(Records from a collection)
• • •

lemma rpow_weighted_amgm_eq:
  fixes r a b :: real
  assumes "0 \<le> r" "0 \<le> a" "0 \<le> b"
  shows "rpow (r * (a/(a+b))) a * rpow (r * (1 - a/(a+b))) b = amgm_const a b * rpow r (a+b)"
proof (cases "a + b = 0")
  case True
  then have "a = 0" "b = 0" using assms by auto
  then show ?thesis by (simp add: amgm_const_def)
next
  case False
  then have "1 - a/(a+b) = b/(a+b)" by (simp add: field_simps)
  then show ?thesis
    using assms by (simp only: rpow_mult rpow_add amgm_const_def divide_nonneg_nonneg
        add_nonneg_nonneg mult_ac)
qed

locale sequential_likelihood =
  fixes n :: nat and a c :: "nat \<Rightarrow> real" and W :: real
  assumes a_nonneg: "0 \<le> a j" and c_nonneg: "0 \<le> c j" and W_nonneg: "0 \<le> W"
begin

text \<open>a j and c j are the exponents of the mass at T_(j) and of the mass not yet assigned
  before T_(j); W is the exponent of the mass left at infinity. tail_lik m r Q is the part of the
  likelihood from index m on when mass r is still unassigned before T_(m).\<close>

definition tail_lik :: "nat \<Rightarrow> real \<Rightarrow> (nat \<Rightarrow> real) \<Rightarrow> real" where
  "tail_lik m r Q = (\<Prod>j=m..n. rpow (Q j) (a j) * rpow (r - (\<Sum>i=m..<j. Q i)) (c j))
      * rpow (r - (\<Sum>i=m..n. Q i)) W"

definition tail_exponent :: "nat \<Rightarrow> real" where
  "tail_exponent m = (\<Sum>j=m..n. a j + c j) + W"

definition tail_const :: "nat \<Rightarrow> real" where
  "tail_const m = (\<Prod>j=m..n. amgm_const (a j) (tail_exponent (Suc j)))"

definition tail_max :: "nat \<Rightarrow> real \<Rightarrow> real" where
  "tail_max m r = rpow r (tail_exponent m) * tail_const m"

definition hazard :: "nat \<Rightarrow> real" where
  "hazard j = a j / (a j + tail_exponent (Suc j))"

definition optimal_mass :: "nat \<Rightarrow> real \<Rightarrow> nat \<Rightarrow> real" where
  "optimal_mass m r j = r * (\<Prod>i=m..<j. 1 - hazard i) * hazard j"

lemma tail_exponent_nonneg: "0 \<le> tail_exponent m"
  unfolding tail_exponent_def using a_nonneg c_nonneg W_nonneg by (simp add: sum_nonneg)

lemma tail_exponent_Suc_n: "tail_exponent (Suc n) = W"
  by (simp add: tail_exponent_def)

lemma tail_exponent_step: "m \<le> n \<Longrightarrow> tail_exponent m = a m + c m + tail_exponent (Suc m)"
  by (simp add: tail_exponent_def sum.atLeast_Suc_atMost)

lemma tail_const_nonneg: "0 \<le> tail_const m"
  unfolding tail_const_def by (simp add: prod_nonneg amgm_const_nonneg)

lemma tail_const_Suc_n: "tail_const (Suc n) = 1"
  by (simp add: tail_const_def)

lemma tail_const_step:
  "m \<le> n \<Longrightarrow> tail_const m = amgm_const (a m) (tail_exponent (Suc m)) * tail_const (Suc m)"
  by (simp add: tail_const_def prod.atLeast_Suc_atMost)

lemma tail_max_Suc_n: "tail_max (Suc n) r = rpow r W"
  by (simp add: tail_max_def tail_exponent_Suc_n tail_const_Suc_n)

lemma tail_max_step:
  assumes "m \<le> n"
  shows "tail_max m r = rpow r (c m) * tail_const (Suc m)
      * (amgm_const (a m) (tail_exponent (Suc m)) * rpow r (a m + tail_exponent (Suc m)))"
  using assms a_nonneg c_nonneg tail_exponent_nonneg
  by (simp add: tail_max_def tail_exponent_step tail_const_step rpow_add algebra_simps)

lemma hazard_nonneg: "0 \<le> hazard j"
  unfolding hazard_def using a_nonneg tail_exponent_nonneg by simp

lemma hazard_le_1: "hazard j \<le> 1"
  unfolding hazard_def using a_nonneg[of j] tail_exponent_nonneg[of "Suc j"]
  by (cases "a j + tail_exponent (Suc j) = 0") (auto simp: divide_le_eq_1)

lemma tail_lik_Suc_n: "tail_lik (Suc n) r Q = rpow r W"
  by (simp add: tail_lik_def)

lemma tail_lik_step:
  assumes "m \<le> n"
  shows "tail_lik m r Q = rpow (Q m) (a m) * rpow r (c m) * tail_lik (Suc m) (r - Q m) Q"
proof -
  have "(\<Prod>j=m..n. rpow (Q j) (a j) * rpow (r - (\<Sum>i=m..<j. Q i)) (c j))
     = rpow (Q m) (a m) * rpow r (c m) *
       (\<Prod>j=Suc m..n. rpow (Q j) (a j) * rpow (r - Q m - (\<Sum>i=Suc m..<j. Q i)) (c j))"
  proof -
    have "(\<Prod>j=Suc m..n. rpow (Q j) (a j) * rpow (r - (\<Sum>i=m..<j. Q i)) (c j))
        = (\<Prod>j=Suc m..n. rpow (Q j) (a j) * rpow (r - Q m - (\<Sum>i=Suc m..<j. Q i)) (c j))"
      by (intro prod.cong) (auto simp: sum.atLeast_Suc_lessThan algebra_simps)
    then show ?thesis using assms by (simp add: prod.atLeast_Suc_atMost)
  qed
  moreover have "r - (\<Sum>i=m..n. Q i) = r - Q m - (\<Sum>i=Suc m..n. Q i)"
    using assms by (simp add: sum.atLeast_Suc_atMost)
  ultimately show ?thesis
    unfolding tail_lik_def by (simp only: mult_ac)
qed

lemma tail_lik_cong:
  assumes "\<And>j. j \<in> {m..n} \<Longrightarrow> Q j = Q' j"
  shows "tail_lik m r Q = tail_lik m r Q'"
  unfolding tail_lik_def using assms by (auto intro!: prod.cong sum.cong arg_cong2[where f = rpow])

• • •

What to work on -> Using the data above, return every line that contains the string "then".

Worked solution ->
  then have "a = 0" "b = 0" using assms by auto
  then show ?thesis by (simp add: amgm_const_def)
  then have "1 - a/(a+b) = b/(a+b)" by (simp add: field_simps)
  then show ?thesis
    then show ?thesis using assms by (simp add: prod.atLeast_Suc_atMost)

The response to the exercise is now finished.